» THE TASK:
Could you write out the line containing "using card_less_block_counts_approx[OF assms, of" and all the lines below it in the data, exactly, through the final one and nothing else?

» GIVEN RECORDS:
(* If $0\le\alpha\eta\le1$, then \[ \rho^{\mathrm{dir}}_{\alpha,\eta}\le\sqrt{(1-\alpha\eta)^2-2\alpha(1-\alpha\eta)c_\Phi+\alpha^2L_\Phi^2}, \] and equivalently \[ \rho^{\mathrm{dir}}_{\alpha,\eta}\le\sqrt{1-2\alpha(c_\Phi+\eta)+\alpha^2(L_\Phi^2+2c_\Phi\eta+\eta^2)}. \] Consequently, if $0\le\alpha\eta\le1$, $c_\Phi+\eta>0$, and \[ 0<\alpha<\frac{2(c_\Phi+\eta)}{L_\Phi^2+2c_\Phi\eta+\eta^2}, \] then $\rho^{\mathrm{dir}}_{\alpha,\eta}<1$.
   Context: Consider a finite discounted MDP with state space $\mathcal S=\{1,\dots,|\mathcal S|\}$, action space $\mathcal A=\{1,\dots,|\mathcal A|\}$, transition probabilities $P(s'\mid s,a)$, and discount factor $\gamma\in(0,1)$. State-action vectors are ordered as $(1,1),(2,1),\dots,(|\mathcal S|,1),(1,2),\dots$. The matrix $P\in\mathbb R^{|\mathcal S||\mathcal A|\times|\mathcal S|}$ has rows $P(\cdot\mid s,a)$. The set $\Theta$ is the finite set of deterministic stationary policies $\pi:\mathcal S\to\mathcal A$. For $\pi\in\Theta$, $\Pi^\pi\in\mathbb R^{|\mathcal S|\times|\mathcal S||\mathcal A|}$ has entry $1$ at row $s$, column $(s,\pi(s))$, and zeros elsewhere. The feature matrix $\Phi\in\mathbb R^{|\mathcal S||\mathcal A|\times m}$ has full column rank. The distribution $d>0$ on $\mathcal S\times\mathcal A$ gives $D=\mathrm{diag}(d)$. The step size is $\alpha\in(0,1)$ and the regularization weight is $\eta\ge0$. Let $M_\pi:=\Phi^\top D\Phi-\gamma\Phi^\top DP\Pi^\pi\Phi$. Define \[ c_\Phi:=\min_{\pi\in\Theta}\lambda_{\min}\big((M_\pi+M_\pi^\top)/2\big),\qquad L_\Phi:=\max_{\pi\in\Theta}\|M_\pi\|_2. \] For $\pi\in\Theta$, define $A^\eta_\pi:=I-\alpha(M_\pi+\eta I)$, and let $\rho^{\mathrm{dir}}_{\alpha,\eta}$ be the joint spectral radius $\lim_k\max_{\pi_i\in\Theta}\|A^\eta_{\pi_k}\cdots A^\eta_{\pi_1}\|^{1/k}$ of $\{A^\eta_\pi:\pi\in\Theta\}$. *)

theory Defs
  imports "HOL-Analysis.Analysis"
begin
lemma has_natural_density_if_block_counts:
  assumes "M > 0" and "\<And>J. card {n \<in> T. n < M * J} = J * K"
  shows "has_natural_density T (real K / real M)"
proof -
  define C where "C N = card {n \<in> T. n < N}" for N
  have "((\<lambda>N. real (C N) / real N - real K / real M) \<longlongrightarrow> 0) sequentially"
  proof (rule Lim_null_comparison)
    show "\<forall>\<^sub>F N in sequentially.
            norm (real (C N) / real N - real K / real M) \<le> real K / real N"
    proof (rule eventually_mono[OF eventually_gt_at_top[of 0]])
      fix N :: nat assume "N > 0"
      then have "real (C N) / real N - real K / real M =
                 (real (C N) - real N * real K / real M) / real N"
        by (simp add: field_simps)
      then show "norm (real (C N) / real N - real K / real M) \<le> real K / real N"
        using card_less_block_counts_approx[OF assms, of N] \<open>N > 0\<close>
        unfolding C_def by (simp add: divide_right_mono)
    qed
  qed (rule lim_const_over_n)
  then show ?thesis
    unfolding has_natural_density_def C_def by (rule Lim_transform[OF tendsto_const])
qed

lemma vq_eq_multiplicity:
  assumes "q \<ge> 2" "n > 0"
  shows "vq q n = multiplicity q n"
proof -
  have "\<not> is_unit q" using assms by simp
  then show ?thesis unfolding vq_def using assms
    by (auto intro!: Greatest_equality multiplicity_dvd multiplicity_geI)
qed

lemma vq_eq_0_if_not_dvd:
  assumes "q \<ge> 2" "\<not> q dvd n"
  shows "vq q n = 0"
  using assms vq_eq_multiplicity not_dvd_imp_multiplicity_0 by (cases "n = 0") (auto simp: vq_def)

» ANSWER SPACE:
        using card_less_block_counts_approx[OF assms, of N] \<open>N > 0\<close>
        unfolding C_def by (simp add: divide_right_mono)
    qed
  qed (rule lim_const_over_n)
  then show ?thesis
    unfolding has_natural_density_def C_def by (rule Lim_transform[OF tendsto_const])
qed

lemma vq_eq_multiplicity:
  assumes "q \<ge> 2" "n > 0"
  shows "vq q n = multiplicity q n"
proof -
  have "\<not> is_unit q" using assms by simp
  then show ?thesis unfolding vq_def using assms
    by (auto intro!: Greatest_equality multiplicity_dvd multiplicity_geI)
qed

lemma vq_eq_0_if_not_dvd:
  assumes "q \<ge> 2" "\<not> q dvd n"
  shows "vq q n = 0"
  using assms vq_eq_multiplicity not_dvd_imp_multiplicity_0 by (cases "n = 0") (auto simp: vq_def)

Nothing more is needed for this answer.